(Stored items)

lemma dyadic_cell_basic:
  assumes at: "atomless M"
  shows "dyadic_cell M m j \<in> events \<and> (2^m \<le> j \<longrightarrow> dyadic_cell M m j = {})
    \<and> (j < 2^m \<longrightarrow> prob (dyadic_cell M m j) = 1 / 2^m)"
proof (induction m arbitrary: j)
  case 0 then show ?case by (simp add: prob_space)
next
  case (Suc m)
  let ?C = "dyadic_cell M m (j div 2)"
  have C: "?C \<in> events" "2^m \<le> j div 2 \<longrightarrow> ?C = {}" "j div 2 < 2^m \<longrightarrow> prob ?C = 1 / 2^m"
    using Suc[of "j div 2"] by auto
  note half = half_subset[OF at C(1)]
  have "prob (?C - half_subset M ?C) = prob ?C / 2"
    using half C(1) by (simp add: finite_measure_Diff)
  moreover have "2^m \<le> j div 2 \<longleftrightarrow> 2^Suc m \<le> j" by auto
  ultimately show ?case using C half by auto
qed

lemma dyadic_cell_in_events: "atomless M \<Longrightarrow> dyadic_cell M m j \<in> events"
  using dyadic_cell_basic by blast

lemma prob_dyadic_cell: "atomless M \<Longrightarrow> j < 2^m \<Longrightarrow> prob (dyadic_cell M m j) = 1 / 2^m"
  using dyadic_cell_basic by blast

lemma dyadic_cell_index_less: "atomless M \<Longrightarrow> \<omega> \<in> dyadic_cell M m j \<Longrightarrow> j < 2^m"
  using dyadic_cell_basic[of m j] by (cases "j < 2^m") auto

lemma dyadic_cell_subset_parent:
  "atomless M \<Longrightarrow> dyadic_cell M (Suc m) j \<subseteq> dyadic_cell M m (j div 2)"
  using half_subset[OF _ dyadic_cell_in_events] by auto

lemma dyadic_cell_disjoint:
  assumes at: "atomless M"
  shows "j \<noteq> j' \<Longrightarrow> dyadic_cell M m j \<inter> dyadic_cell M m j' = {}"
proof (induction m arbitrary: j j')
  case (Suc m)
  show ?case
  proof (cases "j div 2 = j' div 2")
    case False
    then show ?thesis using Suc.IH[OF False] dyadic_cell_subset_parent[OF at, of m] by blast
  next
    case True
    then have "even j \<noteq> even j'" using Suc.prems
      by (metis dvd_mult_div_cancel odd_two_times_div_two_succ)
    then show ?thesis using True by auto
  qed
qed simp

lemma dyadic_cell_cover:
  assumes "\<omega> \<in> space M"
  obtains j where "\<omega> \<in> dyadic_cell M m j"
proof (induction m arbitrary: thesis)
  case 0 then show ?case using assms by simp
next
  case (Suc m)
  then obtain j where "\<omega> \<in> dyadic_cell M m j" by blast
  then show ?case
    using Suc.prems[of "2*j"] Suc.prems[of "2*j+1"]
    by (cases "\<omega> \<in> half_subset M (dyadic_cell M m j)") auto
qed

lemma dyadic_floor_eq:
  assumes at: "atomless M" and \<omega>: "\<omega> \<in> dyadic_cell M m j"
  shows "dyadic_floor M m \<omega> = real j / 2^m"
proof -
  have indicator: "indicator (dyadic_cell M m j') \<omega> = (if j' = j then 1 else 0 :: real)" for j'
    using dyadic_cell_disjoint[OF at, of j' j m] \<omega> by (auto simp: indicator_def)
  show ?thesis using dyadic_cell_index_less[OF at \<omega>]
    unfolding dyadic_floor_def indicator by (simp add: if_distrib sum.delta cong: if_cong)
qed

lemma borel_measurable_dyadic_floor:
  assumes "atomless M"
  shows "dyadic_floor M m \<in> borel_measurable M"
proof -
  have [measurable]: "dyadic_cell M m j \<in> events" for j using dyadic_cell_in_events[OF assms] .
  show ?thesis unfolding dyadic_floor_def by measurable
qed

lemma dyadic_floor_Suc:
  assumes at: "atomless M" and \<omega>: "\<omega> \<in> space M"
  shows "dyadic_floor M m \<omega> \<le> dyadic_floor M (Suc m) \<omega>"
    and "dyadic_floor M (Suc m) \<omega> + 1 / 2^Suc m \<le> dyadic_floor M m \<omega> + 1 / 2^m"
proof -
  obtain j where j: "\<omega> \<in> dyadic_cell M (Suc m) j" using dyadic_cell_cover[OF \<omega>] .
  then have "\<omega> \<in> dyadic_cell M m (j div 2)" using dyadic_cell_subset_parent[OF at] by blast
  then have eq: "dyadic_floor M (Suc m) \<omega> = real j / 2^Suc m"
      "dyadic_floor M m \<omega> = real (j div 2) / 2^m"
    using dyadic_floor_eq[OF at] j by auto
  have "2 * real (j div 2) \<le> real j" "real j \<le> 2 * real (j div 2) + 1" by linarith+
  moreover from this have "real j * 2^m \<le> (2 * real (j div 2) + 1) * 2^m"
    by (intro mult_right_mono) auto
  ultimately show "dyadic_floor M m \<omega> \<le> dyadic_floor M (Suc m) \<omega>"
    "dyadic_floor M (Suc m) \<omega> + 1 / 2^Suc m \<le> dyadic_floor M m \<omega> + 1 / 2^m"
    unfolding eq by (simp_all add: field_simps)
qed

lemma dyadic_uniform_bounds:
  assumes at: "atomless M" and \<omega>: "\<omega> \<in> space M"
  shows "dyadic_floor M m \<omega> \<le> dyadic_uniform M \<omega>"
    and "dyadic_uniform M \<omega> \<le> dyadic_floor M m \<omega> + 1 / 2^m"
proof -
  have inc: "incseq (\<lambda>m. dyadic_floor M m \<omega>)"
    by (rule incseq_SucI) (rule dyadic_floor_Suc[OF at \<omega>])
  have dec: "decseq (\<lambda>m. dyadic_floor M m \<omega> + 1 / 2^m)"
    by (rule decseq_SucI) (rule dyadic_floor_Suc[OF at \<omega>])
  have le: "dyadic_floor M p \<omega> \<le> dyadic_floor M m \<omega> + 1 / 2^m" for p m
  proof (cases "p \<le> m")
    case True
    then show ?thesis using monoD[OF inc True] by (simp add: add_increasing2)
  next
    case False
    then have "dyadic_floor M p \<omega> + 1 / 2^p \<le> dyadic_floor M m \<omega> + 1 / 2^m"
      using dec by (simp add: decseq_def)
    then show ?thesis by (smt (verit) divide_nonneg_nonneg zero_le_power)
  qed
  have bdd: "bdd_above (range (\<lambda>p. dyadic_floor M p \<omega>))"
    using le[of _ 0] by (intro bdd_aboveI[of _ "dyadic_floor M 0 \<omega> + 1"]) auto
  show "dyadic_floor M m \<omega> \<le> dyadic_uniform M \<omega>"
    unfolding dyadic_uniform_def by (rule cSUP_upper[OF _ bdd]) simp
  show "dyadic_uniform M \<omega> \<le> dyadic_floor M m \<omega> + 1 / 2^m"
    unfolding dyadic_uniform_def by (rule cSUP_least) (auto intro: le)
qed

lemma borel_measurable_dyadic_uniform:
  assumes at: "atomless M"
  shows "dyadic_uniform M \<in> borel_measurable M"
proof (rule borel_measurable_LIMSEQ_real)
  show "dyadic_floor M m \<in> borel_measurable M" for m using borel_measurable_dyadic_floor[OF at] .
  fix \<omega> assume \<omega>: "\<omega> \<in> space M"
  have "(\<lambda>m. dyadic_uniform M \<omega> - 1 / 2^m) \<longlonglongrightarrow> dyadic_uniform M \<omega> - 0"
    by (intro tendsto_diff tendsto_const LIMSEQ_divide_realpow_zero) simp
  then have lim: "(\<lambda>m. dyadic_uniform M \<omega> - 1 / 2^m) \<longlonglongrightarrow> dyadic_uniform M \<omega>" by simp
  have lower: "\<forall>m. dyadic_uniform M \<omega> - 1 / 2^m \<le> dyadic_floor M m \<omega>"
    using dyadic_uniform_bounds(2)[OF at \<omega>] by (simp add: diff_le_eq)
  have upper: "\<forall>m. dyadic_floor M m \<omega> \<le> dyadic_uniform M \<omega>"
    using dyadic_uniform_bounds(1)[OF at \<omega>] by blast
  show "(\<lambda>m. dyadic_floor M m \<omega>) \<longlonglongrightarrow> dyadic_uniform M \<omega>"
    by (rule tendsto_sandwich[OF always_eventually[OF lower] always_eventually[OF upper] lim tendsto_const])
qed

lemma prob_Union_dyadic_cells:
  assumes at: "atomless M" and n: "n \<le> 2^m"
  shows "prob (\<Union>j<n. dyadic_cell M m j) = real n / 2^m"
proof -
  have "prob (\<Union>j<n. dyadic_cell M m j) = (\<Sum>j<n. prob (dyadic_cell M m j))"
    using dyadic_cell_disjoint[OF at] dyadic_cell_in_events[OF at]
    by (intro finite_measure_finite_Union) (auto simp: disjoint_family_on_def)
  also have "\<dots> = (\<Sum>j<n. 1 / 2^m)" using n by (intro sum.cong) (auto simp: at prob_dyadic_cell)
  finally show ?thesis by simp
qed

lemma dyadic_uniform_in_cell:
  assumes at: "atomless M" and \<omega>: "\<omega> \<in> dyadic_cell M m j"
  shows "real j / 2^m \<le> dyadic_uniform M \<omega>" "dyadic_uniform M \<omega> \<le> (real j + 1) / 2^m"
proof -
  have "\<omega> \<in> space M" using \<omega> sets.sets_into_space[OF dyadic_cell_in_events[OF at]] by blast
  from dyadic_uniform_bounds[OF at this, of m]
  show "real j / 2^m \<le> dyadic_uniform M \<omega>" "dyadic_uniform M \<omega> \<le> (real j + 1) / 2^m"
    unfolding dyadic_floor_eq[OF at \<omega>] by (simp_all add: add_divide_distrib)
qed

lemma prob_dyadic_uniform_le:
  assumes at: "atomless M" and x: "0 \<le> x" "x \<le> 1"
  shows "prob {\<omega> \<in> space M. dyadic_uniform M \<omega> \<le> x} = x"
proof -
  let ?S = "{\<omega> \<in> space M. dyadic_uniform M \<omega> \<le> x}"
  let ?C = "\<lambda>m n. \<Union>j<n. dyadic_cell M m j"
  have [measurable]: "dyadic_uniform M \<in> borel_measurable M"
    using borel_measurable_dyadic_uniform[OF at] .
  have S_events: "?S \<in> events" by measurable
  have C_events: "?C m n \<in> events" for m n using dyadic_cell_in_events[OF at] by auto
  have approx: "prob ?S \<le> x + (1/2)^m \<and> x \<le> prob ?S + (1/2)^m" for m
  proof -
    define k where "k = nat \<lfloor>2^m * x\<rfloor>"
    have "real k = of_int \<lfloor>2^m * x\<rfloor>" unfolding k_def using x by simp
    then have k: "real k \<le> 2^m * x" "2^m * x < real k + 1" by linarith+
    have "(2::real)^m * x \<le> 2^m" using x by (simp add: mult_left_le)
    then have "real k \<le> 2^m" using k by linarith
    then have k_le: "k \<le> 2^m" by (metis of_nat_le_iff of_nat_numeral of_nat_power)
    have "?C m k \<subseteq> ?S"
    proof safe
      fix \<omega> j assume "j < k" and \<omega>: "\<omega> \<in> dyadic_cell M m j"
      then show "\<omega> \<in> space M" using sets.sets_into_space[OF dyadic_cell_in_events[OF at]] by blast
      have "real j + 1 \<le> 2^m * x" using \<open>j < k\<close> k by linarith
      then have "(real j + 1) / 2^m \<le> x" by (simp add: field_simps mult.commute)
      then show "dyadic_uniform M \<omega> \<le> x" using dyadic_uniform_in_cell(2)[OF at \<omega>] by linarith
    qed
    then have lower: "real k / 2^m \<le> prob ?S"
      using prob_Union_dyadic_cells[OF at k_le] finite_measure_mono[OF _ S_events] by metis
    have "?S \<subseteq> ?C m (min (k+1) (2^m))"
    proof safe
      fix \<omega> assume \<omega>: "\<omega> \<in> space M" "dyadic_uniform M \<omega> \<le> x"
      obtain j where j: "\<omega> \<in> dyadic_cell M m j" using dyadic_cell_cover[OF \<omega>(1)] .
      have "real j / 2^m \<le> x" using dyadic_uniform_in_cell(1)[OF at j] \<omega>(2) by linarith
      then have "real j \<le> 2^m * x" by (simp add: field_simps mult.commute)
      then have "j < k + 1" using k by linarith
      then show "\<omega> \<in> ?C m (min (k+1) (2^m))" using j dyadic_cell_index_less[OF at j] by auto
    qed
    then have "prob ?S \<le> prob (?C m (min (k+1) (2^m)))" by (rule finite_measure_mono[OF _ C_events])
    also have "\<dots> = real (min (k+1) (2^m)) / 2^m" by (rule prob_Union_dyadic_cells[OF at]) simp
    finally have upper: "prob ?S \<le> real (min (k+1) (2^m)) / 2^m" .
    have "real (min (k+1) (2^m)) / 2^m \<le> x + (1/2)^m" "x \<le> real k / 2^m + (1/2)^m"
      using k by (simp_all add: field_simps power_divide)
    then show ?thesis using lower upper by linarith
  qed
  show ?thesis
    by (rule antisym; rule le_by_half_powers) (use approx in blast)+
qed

==

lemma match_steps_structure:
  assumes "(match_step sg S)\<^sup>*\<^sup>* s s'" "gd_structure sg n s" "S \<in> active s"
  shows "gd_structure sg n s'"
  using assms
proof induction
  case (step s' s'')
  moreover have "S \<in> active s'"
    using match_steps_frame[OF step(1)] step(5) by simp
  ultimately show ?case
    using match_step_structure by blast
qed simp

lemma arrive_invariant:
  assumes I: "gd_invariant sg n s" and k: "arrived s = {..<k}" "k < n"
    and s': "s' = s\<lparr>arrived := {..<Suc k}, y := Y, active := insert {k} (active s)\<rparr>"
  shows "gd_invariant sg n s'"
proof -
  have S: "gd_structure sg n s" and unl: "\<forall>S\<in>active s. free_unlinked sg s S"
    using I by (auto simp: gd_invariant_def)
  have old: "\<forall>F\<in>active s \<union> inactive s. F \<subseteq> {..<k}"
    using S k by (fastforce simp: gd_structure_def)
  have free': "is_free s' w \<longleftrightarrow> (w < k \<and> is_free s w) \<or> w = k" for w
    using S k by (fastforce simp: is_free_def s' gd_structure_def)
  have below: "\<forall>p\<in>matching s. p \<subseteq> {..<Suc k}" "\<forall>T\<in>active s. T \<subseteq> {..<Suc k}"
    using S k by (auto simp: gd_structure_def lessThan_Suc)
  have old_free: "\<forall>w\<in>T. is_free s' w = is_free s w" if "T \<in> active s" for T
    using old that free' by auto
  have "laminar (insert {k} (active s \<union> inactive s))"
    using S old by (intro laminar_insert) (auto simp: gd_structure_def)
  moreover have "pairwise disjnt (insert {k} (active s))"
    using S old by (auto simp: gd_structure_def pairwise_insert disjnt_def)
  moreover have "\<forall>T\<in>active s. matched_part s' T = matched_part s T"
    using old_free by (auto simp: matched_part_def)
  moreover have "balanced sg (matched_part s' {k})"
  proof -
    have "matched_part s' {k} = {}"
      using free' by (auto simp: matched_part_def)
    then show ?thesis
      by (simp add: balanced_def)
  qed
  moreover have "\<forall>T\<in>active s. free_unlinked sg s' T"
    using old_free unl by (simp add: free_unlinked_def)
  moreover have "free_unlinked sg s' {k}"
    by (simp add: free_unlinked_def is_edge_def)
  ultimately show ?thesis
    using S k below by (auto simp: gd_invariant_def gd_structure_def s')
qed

■ **WHAT TO WORK ON**
Repeat word for word the lines above that run from the line containing "from dyadic_uniform_bounds[OF at" through the line containing "define k where", both ends included, and nothing else.

■ **ANSWER FOR THIS EXERCISE**
  from dyadic_uniform_bounds[OF at this, of m]
  show "real j / 2^m \<le> dyadic_uniform M \<omega>" "dyadic_uniform M \<omega> \<le> (real j + 1) / 2^m"
    unfolding dyadic_floor_eq[OF at \<omega>] by (simp_all add: add_divide_distrib)
qed

lemma prob_dyadic_uniform_le:
  assumes at: "atomless M" and x: "0 \<le> x" "x \<le> 1"
  shows "prob {\<omega> \<in> space M. dyadic_uniform M \<omega> \<le> x} = x"
proof -
  let ?S = "{\<omega> \<in> space M. dyadic_uniform M \<omega> \<le> x}"
  let ?C = "\<lambda>m n. \<Union>j<n. dyadic_cell M m j"
  have [measurable]: "dyadic_uniform M \<in> borel_measurable M"
    using borel_measurable_dyadic_uniform[OF at] .
  have S_events: "?S \<in> events" by measurable
  have C_events: "?C m n \<in> events" for m n using dyadic_cell_in_events[OF at] by auto
  have approx: "prob ?S \<le> x + (1/2)^m \<and> x \<le> prob ?S + (1/2)^m" for m
  proof -
    define k where "k = nat \<lfloor>2^m * x\<rfloor>"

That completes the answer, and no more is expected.